# About this task
In the data that follows, find the line with "then show ?thesis"; transcribe it, every later line up to the one with "by (rule integral_has_real_derivative[OF", and that line as well, exactly and with no others.

# Provided data

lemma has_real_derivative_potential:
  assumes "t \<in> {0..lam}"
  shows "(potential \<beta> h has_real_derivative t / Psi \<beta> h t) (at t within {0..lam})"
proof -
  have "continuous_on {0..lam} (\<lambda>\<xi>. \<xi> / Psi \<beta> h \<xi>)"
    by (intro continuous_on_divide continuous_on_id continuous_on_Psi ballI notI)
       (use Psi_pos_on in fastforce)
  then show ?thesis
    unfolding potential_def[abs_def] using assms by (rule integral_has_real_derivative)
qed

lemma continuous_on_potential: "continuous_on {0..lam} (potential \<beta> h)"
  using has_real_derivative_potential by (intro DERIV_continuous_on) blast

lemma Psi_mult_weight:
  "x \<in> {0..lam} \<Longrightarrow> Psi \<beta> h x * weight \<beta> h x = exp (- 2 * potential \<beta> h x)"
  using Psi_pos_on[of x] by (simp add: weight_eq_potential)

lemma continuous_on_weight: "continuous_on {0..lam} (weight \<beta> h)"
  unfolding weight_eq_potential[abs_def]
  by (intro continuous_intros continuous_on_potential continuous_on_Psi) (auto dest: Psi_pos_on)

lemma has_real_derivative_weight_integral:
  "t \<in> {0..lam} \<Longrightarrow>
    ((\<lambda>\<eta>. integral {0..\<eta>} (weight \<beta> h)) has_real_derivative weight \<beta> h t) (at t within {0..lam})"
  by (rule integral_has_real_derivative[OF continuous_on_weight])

==

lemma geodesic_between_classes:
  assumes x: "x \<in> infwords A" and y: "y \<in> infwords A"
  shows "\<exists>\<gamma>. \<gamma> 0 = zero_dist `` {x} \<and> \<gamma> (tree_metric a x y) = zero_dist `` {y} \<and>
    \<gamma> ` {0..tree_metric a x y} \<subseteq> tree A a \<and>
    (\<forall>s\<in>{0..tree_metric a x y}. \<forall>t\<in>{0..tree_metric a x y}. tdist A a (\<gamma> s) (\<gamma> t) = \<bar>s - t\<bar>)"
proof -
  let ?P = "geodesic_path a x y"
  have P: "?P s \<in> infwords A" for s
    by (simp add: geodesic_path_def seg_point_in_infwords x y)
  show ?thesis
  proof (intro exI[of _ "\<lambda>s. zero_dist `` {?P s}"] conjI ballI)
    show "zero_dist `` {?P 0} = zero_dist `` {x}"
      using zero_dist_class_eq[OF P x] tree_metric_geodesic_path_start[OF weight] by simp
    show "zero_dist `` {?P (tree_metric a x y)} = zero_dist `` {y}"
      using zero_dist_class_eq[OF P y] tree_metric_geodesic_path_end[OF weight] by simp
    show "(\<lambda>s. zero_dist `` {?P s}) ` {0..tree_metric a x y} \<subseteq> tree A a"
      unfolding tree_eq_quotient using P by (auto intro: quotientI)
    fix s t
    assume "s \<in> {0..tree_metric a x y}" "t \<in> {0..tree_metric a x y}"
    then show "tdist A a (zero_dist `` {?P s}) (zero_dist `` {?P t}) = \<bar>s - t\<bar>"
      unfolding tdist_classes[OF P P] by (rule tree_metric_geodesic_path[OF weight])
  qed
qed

# Response
  then show ?thesis
    unfolding potential_def[abs_def] using assms by (rule integral_has_real_derivative)
qed

lemma continuous_on_potential: "continuous_on {0..lam} (potential \<beta> h)"
  using has_real_derivative_potential by (intro DERIV_continuous_on) blast

lemma Psi_mult_weight:
  "x \<in> {0..lam} \<Longrightarrow> Psi \<beta> h x * weight \<beta> h x = exp (- 2 * potential \<beta> h x)"
  using Psi_pos_on[of x] by (simp add: weight_eq_potential)

lemma continuous_on_weight: "continuous_on {0..lam} (weight \<beta> h)"
  unfolding weight_eq_potential[abs_def]
  by (intro continuous_intros continuous_on_potential continuous_on_Psi) (auto dest: Psi_pos_on)

lemma has_real_derivative_weight_integral:
  "t \<in> {0..lam} \<Longrightarrow>
    ((\<lambda>\<eta>. integral {0..\<eta>} (weight \<beta> h)) has_real_derivative weight \<beta> h t) (at t within {0..lam})"
  by (rule integral_has_real_derivative[OF continuous_on_weight])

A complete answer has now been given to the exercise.